Bu ressamlar kendilerine Yeniler adını verirken 1939 yılında Edebiyatta da bir hareket başlamıştı. Bu edebi hareket, Orhan Veli, Melih Cevdet Anday ve Oktay Rifat, tarafından başlatılmış, bu edebi harekete de " I. Yeni" veya Garipçiler, hareketi denilmeye başlanmıştı.
1940’larda edebiyat alanında da etkisini göstermiş olan toplumcu ya da toplumsal gerçekçi eğilimler ile resim sanatımızda da kendi insanımıza, toprağımıza ve yaşantımıza dönülmesi gereğini savunan genç sanatçıların “Yeniler” grubunu oluşturmasına zemin hazırlamıştı. Edebiyattaki, sosyal gerçekçilik hareketleri resim sanatında da bir karşılık bulmaya başlamıştı.

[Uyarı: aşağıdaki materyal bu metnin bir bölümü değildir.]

(* Every generator is an integral automorphism of the Eisenstein form a^2 - ab + b^2 - c^2, so it
   preserves both the equation and primitivity (the gcd of the entries), and a direct estimate shows
   that it maps upper triples (0 <= a, 2a < b) into upper triples.  Hence G'_E maps upper primitive
   triples to upper primitive triples.  Each associated pair contains exactly one upper triple (the
   case b = 2a is excluded by primitivity, since it forces 3 | a and 3 | c), so the pair M<a,b,c>
   exists, is unique, and its upper triple is M(a,b,c)_u; compatibility with products is then just
   associativity of the matrix product. *)

lemma vector_3_nth: "vector [v$1, v$2, v$3] = (v::'a::zero^3)"
  by (simp add: vec_eq_iff forall_3 vector_3)

lemma mat_app_mult: "mat_app (A ** B) t = mat_app A (mat_app B t)"
  by (cases t) (simp add: mat_app_def Let_def vector_3_nth matrix_vector_mul_assoc)

lemma mat_app_mat_1: "mat_app (mat 1) t = t"
  by (cases t) (simp add: mat_app_def vector_3_nth)

lemma mat_app_U_mat: "mat_app U_mat (a, b, c) = (b - a, b, c)"
  by (simp add: mat_app_def U_mat_def matrix_vector_mult_def sum_3 vector_3)

lemma mat_app_M1: "mat_app M1 (a, b, c) = (3*a - 4*b + 4*c, 7*a - 7*b + 8*c, 6*a - 6*b + 7*c)"
  by (simp add: mat_app_def M1_def matrix_vector_mult_def sum_3 vector_3)

lemma mat_app_M2: "mat_app M2 (a, b, c) = (-4*a + 3*b + 4*c, -7*a + 7*b + 8*c, -6*a + 6*b + 7*c)"
  by (simp add: mat_app_def M2_def matrix_vector_mult_def sum_3 vector_3)

lemma mat_app_M3: "mat_app M3 (a, b, c) = (a + 3*b + 4*c, 7*b + 8*c, 6*b + 7*c)"
  by (simp add: mat_app_def M3_def matrix_vector_mult_def sum_3 vector_3)

lemma mat_app_M4: "mat_app M4 (a, b, c) = (-3*a - b + 4*c, -7*a + 8*c, -6*a + 7*c)"
  by (simp add: M4_def mat_app_mult mat_app_U_mat mat_app_M1 algebra_simps)

lemma mat_app_M5: "mat_app M5 (a, b, c) = (4*a - b + 4*c, 7*a + 8*c, 6*a + 7*c)"
  by (simp add: M5_def mat_app_mult mat_app_U_mat mat_app_M2 algebra_simps)

definition eisenstein_form :: "triple \<Rightarrow> int" where
  "eisenstein_form t = (case t of (a, b, c) \<Rightarrow> a^2 - a*b + b^2 - c^2)"

definition triple_gcd :: "triple \<Rightarrow> int" where
  "triple_gcd t = (case t of (a, b, c) \<Rightarrow> gcd (gcd a b) c)"

lemma triple_gcd_dvd_mat_app: "triple_gcd t dvd triple_gcd (mat_app M t)"
proof (cases t)
  case (fields a b c)
  define g where "g = gcd (gcd a b) c"
  define v where "v = M *v vector [a, b, c]"
  have "g dvd a" "g dvd b" "g dvd c"
    unfolding g_def by (meson dvd_trans gcd_dvd1 gcd_dvd2)+
  then have "g dvd vector [a, b, c] $ j" for j :: 3
    using exhaust_3[of j] by (auto simp: vector_3)
  then have "g dvd v $ i" for i
    unfolding v_def by (simp add: matrix_vector_mult_def dvd_sum)
  then show ?thesis
    by (simp add: fields mat_app_def triple_gcd_def g_def[symmetric] v_def[symmetric])
qed

lemma triple_gcd_nonneg: "0 \<le> triple_gcd t"
  by (cases t) (simp add: triple_gcd_def)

Yeniler ise 1940’da akademinin yüksek resim bölümünün faaliyete geçmesiyle, toplum yaşamına ağırlık veren yeni bir resim anlayışı oluşturmaktı. “Yeniler” ya da “Liman Ressamları” grubu olarak adlandırılan grubun amacı, toplumla ilişkisi zayıflamış olan sanatı, toplumsal yaşamdan aldığı konulara ağırlık vermek suretiyle, insan ve çevre temeli üzerinde geliştirmekti
Yeniler Grubu yaptıkları resimlerinde sosyal gerçekçilik anlayışına uygun olarak Anadolu insanlarının motiflerini özgün resimlerle ortaya koyuyorlardı. " Sanatın salt biçimden çok, bir içeriği olması gerektiğini savunan bu gurubun elemanlarından bazıları zamanla bu düşünce biçimden uzaklaşsalar da Mümtaz Yener içinde insanın olmadığı çok az resim yapmıştır." (lebriz.com/pages/lsd.aspx?lang)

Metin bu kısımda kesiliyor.